The Federal Reserve kept its policy unchanged as expected, emphasizing that "the risks of both unemployment and inflation have increased" (full text of the statement)
In the early morning of May 8th, Beijing time, the Federal Reserve's latest interest rate decision maintained the target range of the federal funds rate at 4.25%-4.5%, in line with market expectations. Previously in March, the Federal Reserve also kept the above interest rate unchanged.

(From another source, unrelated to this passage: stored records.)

lemma log_1_affine_exp_affine_indicator:
  assumes "closed K"
  shows "log_1_affine (\<lambda>x. exp (a \<bullet> x + b) * indicator K x)"
  unfolding log_1_affine_def supp_exp_affine_indicator
  using assms by auto

lemma g_fun_div_eq_exp_affine_indicator:
  assumes "c > 0"
  shows "(\<lambda>x. g_fun K \<alpha> x / c) = (\<lambda>x. exp ((- \<alpha>) \<bullet> x + - ln c) * indicator K x)"
  using assms by (simp add: g_fun_def exp_diff exp_minus divide_inverse mult_ac)

lemma normalized_g_fun_mem_F_d:
  fixes K :: "'a::euclidean_space set"
  assumes "closed K" "convex K" "interior K \<noteq> {}"
    and "line_free K" "\<alpha> \<in> interior (dual_cone (rec_cone K))"
  shows "(\<lambda>x. g_fun K \<alpha> x / c_const K \<alpha>) \<in> F_d \<and> log_1_affine (\<lambda>x. g_fun K \<alpha> x / c_const K \<alpha>)"
proof -
  have int: "integrable lborel (g_fun K \<alpha>)"
    using integrable_g_fun_iff assms by blast
  then have "c_const K \<alpha> > 0"
    using c_const_pos \<open>interior K \<noteq> {}\<close> by blast
  then have density: "is_density (\<lambda>x. g_fun K \<alpha> x / c_const K \<alpha>)"
    using int by (simp add: is_density_def g_fun_nonneg c_const_def)
  note eq = g_fun_div_eq_exp_affine_indicator[OF \<open>c_const K \<alpha> > 0\<close>]
  show ?thesis
    unfolding F_d_def mem_Collect_eq
  proof (intro conjI density)
    show "log_concave (\<lambda>x. g_fun K \<alpha> x / c_const K \<alpha>)"
      unfolding eq by (rule log_concave_exp_affine_indicator[OF \<open>convex K\<close>])
    show "usc (\<lambda>x. g_fun K \<alpha> x / c_const K \<alpha>)"
      unfolding eq by (rule usc_exp_affine_indicator[OF \<open>closed K\<close>])
    show "log_1_affine (\<lambda>x. g_fun K \<alpha> x / c_const K \<alpha>)"
      unfolding eq by (rule log_1_affine_exp_affine_indicator[OF \<open>closed K\<close>])
  qed
qed
(* Let $\mathbf{g}=-dt^2+a^2(t)\sigma_{ij}(x)dx^idx^j$ be an FLRW metric on $\mathbb{R}^+\times\mathbb{R}^n$, where $\sigma$ is a Riemannian metric on $\mathbb{R}^n$ and $a$ satisfies the standing assumptions in the context. Then there exists a constant $C_1>0$ such that for every $T>t_0$ and every (sufficiently regular) $\phi:[t_0,T)\times\mathbb{R}^n\to\mathbb{R}$, $$\sup_{t_0\le t<T}E^{1/2}[\phi](t)\le C_1\Big(E^{1/2}[\phi](t_0)+\int_{t_0}^T a(t)\,\|\square_{\mathbf{g}}\phi(t,\cdot)\|_{L^2_\sigma}\,dt\Big),$$ where $$E[\phi](t)=\frac12\int_{\mathbb{R}^n}\Big[a^2(\partial_t\phi)^2+\sigma^{ij}\partial_i\phi\,\partial_j\phi\Big](t,x)\,|\sigma|^{1/2}\,dx .$$
   Context: Standing assumptions: $t_0>0$ is fixed, $a$ is smooth with $a(t)>0$ and $\dot a(t)>0$ for $t\ge t_0$, and $\int_{t_0}^\infty a(s)^{-1}ds<\infty$. $\sigma^{ij}$ are the components of the inverse of $\sigma_{ij}$ and $|\sigma|=\det(\sigma_{ij})$. $\|f\|_{L^2_\sigma}=\big(\int_{\mathbb{R}^n}|f(x)|^2|\sigma|^{1/2}dx\big)^{1/2}$. $\square_{\mathbf{g}}\phi=\frac{1}{\sqrt{|\mathbf{g}|}}\partial_\alpha(\mathbf{g}^{\alpha\beta}\sqrt{|\mathbf{g}|}\partial_\beta\phi)$ with $|\mathbf{g}|=-\det(\mathbf{g}_{\alpha\beta})$, i.e. $\square_{\mathbf{g}}\phi=-\partial_t^2\phi-n\frac{\dot a}{a}\partial_t\phi+a^{-2}\Delta_\sigma\phi$. *)

theory Defs
  imports "HOL-Analysis.Analysis"
begin

definition pdir :: "'a::euclidean_space \<Rightarrow> ('a \<Rightarrow> real) \<Rightarrow> 'a \<Rightarrow> real" where
  "pdir b f x = deriv (\<lambda>h. f (x + h *\<^sub>R b)) 0"

primrec iter_pd :: "'a::euclidean_space list \<Rightarrow> ('a \<Rightarrow> real) \<Rightarrow> 'a \<Rightarrow> real" where
  "iter_pd [] f = f"
| "iter_pd (b # bs) f = pdir b (iter_pd bs f)"

definition smooth_on :: "'a::euclidean_space set \<Rightarrow> ('a \<Rightarrow> real) \<Rightarrow> bool" where
  "smooth_on S f \<longleftrightarrow>
     (\<forall>bs. set bs \<subseteq> Basis \<longrightarrow>
        continuous_on S (iter_pd bs f) \<and>
        (\<forall>b\<in>Basis. \<forall>x\<in>S. (\<lambda>h. iter_pd bs f (x + h *\<^sub>R b)) differentiable (at 0)))"
text \<open>A common bound \<open>s\<close> for ascent and descent makes \<open>A\<^sup>s\<close> behave like a projection as far as
  kernel and range are concerned.\<close>

lemma compact_perturbation_stable_power:
  fixes A :: "'a::complex_banach \<Rightarrow> 'a"
  assumes A: "bounded_clinear A" and C: "seq_compact_op (\<lambda>x. x - A x)"
  shows "\<exists>s>0. (\<forall>z. (A ^^ s) ((A ^^ s) z) = 0 \<longrightarrow> (A ^^ s) z = 0)
    \<and> (\<forall>y. \<exists>z. (A ^^ s) y = (A ^^ s) ((A ^^ s) z))"
proof -
  have lA: "linear A"
    using A by (rule bounded_clinear_linear)
  obtain p where p: "{x. (A ^^ Suc p) x = 0} \<subseteq> {x. (A ^^ p) x = 0}"
    using compact_perturbation_finite_ascent[OF A C] by blast
  obtain q where q: "range (A ^^ q) \<subseteq> range (A ^^ Suc q)"
    using compact_perturbation_finite_descent[OF A C] by blast
  define s where "s = Suc (p + q)"
  have "(A ^^ s) z = 0" if "(A ^^ s) ((A ^^ s) z) = 0" for z
  proof -
    have "(A ^^ (s + s)) z = 0"
      using that by (simp add: funpow_add)
    then have "(A ^^ p) z = 0"
      using funpow_kernel_stable[where A = A and p = p and m = "s + s"] p by (auto simp: s_def)
    then show ?thesis
      using funpow_kernel_mono[where A = A and p = p and m = s] linear_0[OF lA] by (simp add: s_def)
  qed
  moreover have "\<exists>z. (A ^^ s) y = (A ^^ s) ((A ^^ s) z)" for y
  proof -
    have "(A ^^ s) y \<in> range (A ^^ q)"
      using funpow_range_antimono[where A = A and q = q and m = s] by (auto simp: s_def)
    then have "(A ^^ s) y \<in> range (A ^^ (s + s))"
      using funpow_range_stable[OF q, where m = "s + s"] by (auto simp: s_def)
    then show ?thesis
      by (auto simp: funpow_add)
  qed
  moreover have "0 < s"
    by (simp add: s_def)
  ultimately show ?thesis
    by blast
qed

Last year, the Federal Reserve cut interest rates by 100 basis points in total.
The Federal Reserve said in its statement that although fluctuations in net exports affected the data, recent indicators showed that economic activity continued to expand steadily. Uncertainty about the economic outlook has further increased. The committee noted the two-sided risks facing its dual mission and judged that the risks of both unemployment and inflation have increased.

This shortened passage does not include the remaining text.